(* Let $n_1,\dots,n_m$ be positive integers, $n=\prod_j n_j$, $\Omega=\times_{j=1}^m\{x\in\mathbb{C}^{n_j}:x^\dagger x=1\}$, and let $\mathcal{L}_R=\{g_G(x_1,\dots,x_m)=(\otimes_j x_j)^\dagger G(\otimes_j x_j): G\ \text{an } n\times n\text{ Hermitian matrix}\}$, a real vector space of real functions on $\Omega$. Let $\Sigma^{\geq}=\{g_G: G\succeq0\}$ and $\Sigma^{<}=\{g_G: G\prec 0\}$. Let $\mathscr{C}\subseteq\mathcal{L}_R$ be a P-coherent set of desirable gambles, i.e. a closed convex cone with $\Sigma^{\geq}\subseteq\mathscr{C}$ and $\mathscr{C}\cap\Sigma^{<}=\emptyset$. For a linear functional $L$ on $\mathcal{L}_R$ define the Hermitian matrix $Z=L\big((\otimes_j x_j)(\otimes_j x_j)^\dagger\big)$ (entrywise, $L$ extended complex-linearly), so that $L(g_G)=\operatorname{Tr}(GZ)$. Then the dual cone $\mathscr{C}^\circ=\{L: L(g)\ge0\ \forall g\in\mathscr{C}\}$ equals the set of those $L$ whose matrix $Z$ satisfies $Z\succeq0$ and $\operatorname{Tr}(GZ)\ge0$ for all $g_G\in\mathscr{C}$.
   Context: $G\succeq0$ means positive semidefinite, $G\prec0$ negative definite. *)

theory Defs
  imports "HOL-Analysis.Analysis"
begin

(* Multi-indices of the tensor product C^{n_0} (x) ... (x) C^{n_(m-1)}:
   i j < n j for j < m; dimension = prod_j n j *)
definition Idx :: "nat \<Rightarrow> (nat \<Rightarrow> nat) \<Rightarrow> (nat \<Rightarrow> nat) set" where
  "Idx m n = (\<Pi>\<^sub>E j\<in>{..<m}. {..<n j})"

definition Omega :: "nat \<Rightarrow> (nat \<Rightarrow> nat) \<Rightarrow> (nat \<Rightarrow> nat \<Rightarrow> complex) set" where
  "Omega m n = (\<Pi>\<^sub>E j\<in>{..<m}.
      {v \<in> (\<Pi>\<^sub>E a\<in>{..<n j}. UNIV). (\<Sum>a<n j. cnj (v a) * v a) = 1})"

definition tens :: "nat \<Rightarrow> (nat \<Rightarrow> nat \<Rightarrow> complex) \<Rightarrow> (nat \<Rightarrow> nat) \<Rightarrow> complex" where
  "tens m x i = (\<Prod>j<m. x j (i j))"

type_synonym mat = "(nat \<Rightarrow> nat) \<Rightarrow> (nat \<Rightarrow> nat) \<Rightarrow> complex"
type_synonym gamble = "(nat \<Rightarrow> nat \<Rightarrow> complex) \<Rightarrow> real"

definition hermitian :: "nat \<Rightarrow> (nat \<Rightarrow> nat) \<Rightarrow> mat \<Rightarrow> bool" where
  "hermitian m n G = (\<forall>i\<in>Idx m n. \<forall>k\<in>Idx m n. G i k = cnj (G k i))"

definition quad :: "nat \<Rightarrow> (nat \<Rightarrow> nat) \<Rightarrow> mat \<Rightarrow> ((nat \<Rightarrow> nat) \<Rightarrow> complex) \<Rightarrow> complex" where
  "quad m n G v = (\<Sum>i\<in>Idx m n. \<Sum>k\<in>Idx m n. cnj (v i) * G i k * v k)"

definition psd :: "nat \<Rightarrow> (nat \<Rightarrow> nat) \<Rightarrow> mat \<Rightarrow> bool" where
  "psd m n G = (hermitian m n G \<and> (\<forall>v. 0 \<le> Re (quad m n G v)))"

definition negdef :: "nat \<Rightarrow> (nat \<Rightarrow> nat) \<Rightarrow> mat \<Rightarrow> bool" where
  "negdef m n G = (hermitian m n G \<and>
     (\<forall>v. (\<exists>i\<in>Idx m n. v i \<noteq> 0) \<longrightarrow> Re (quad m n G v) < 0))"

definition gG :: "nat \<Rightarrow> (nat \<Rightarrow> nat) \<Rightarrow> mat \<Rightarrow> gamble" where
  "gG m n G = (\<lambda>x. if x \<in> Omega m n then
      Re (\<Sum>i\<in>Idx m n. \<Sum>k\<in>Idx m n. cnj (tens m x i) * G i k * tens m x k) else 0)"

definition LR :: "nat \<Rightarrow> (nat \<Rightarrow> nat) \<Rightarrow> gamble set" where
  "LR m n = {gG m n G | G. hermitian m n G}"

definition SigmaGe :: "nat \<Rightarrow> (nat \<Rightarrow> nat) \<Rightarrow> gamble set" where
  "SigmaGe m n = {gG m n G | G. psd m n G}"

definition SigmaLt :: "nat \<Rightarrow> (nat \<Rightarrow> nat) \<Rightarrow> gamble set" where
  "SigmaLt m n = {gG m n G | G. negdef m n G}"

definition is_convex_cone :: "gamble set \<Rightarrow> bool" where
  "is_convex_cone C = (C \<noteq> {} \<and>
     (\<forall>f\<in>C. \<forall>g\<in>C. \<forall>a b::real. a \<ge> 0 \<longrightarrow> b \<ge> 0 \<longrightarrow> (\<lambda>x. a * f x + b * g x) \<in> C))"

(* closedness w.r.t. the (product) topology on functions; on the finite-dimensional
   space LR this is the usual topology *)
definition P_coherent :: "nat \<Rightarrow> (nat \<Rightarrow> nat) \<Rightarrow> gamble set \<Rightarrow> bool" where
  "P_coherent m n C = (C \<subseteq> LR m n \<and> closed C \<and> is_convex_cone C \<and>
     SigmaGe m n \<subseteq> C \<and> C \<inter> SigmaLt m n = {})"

» EXERCISE REQUIREMENTS
Look back at the data above. Transcribe exactly the lines starting at the line that contains "Omega m n then" and ending at the line that contains "n G | G. psd".

» EXERCISE RESPONSE
  "gG m n G = (\<lambda>x. if x \<in> Omega m n then
      Re (\<Sum>i\<in>Idx m n. \<Sum>k\<in>Idx m n. cnj (tens m x i) * G i k * tens m x k) else 0)"

definition LR :: "nat \<Rightarrow> (nat \<Rightarrow> nat) \<Rightarrow> gamble set" where
  "LR m n = {gG m n G | G. hermitian m n G}"

definition SigmaGe :: "nat \<Rightarrow> (nat \<Rightarrow> nat) \<Rightarrow> gamble set" where
  "SigmaGe m n = {gG m n G | G. psd m n G}"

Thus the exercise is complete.